theorem lemma2p7:
  fixes G :: "('a, 'b) monoid_scheme" and X :: "'a topology"
  assumes "topological_group G X"
    and "t1_space X"
    and "hereditarily normal_space X"
    and "compactin X S" and "compactin X T"
    and "separable_space (subtopology X S)"
    and "s \<in> S" and "s \<in> X derived_set_of S"
    and "t \<in> T" and "\<not> countable_character_at (subtopology X T) t"
  shows "\<exists>C. compactin X C \<and> C \<subseteq> T \<and> t \<in> C \<and>
             \<not> countable_character_at (subtopology X C) t \<and>
             (\<lambda>c. s \<otimes>\<^bsub>G\<^esub> c) ` C \<subseteq> (\<lambda>x. x \<otimes>\<^bsub>G\<^esub> t) ` S"
proof -
  have top: "topspace X = carrier G"
    using assms(1) unfolding topological_group_def by blast
  have "normal_space X"
    using assms(3) unfolding hereditarily by (metis subtopology_topspace)
  then have "Hausdorff_space X" "regular_space X"
    using assms(2) normal_t1_imp_Hausdorff_space normal_t1_imp_regular_space by blast+
  have S: "S \<subseteq> carrier G" and T: "T \<subseteq> carrier G" and s: "s \<in> carrier G" and t: "t \<in> carrier G"
    using assms(4,5,7,9) compactin_subset_topspace top by blast+
  define St where "St = (\<lambda>x. x \<otimes>\<^bsub>G\<^esub> t) ` S"
  have "closedin X St"
    unfolding St_def using \<open>Hausdorff_space X\<close> image_compactin [OF assms(4)]
      topological_group_continuous_map_right_mult [OF assms(1) t] compactin_imp_closedin by blast
  define C where "C = {c \<in> T. s \<otimes>\<^bsub>G\<^esub> c \<in> St}"
  have "C = {c \<in> topspace X. s \<otimes>\<^bsub>G\<^esub> c \<in> St} \<inter> T"
    using T top unfolding C_def by blast
  then have "compactin X C"
    using closedin_continuous_map_preimage [OF topological_group_continuous_map_left_mult [OF assms(1) s]
        \<open>closedin X St\<close>] closed_Int_compactin [OF _ assms(5)] by simp
  obtain D where "countable D" "D \<subseteq> S - {s}" "s \<in> X closure_of D"
    using separable_derived_set_of_countable_subset [OF assms(2,6,8)] .
  have "\<not> countable_character_at (subtopology X C) t"
  proof
    assume "countable_character_at (subtopology X C) t"
    then have "countable_pseudocharacter_in X C t"
      using countable_character_imp_countable_pseudocharacter_in [OF assms(2)] assms(7,9) t top
      by (auto simp: C_def St_def)
    then have "countable_pseudocharacter_in X T t"
      using countable_pseudocharacter_in_from_left_translate_preimage [OF assms(1) \<open>Hausdorff_space X\<close>
          assms(3) \<open>closedin X St\<close> T s t \<open>countable D\<close> _ \<open>s \<in> X closure_of D\<close>]
        \<open>D \<subseteq> S - {s}\<close> S unfolding C_def St_def by blast
    then show False
      using countable_pseudocharacter_in_imp_countable_character_at
        [OF \<open>regular_space X\<close> assms(5,9)] assms(10) by blast
  qed
  moreover have "t \<in> C"
    using assms(7,9) unfolding C_def St_def by blast
  ultimately show ?thesis
    using \<open>compactin X C\<close> unfolding C_def St_def by blast
qed

end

__________________________________________________

What is required:
Every entry that appears above should be duplicated exactly.

Written response:
theorem lemma2p7:
  fixes G :: "('a, 'b) monoid_scheme" and X :: "'a topology"
  assumes "topological_group G X"
    and "t1_space X"
    and "hereditarily normal_space X"
    and "compactin X S" and "compactin X T"
    and "separable_space (subtopology X S)"
    and "s \<in> S" and "s \<in> X derived_set_of S"
    and "t \<in> T" and "\<not> countable_character_at (subtopology X T) t"
  shows "\<exists>C. compactin X C \<and> C \<subseteq> T \<and> t \<in> C \<and>
             \<not> countable_character_at (subtopology X C) t \<and>
             (\<lambda>c. s \<otimes>\<^bsub>G\<^esub> c) ` C \<subseteq> (\<lambda>x. x \<otimes>\<^bsub>G\<^esub> t) ` S"
proof -
  have top: "topspace X = carrier G"
    using assms(1) unfolding topological_group_def by blast
  have "normal_space X"
    using assms(3) unfolding hereditarily by (metis subtopology_topspace)
  then have "Hausdorff_space X" "regular_space X"
    using assms(2) normal_t1_imp_Hausdorff_space normal_t1_imp_regular_space by blast+
  have S: "S \<subseteq> carrier G" and T: "T \<subseteq> carrier G" and s: "s \<in> carrier G" and t: "t \<in> carrier G"
    using assms(4,5,7,9) compactin_subset_topspace top by blast+
  define St where "St = (\<lambda>x. x \<otimes>\<^bsub>G\<^esub> t) ` S"
  have "closedin X St"
    unfolding St_def using \<open>Hausdorff_space X\<close> image_compactin [OF assms(4)]
      topological_group_continuous_map_right_mult [OF assms(1) t] compactin_imp_closedin by blast
  define C where "C = {c \<in> T. s \<otimes>\<^bsub>G\<^esub> c \<in> St}"
  have "C = {c \<in> topspace X. s \<otimes>\<^bsub>G\<^esub> c \<in> St} \<inter> T"
    using T top unfolding C_def by blast
  then have "compactin X C"
    using closedin_continuous_map_preimage [OF topological_group_continuous_map_left_mult [OF assms(1) s]
        \<open>closedin X St\<close>] closed_Int_compactin [OF _ assms(5)] by simp
  obtain D where "countable D" "D \<subseteq> S - {s}" "s \<in> X closure_of D"
    using separable_derived_set_of_countable_subset [OF assms(2,6,8)] .
  have "\<not> countable_character_at (subtopology X C) t"
  proof
    assume "countable_character_at (subtopology X C) t"
    then have "countable_pseudocharacter_in X C t"
      using countable_character_imp_countable_pseudocharacter_in [OF assms(2)] assms(7,9) t top
      by (auto simp: C_def St_def)
    then have "countable_pseudocharacter_in X T t"
      using countable_pseudocharacter_in_from_left_translate_preimage [OF assms(1) \<open>Hausdorff_space X\<close>
          assms(3) \<open>closedin X St\<close> T s t \<open>countable D\<close> _ \<open>s \<in> X closure_of D\<close>]
        \<open>D \<subseteq> S - {s}\<close> S unfolding C_def St_def by blast
    then show False
      using countable_pseudocharacter_in_imp_countable_character_at
        [OF \<open>regular_space X\<close> assms(5,9)] assms(10) by blast
  qed
  moreover have "t \<in> C"
    using assms(7,9) unfolding C_def St_def by blast
  ultimately show ?thesis
    using \<open>compactin X C\<close> unfolding C_def St_def by blast
qed

end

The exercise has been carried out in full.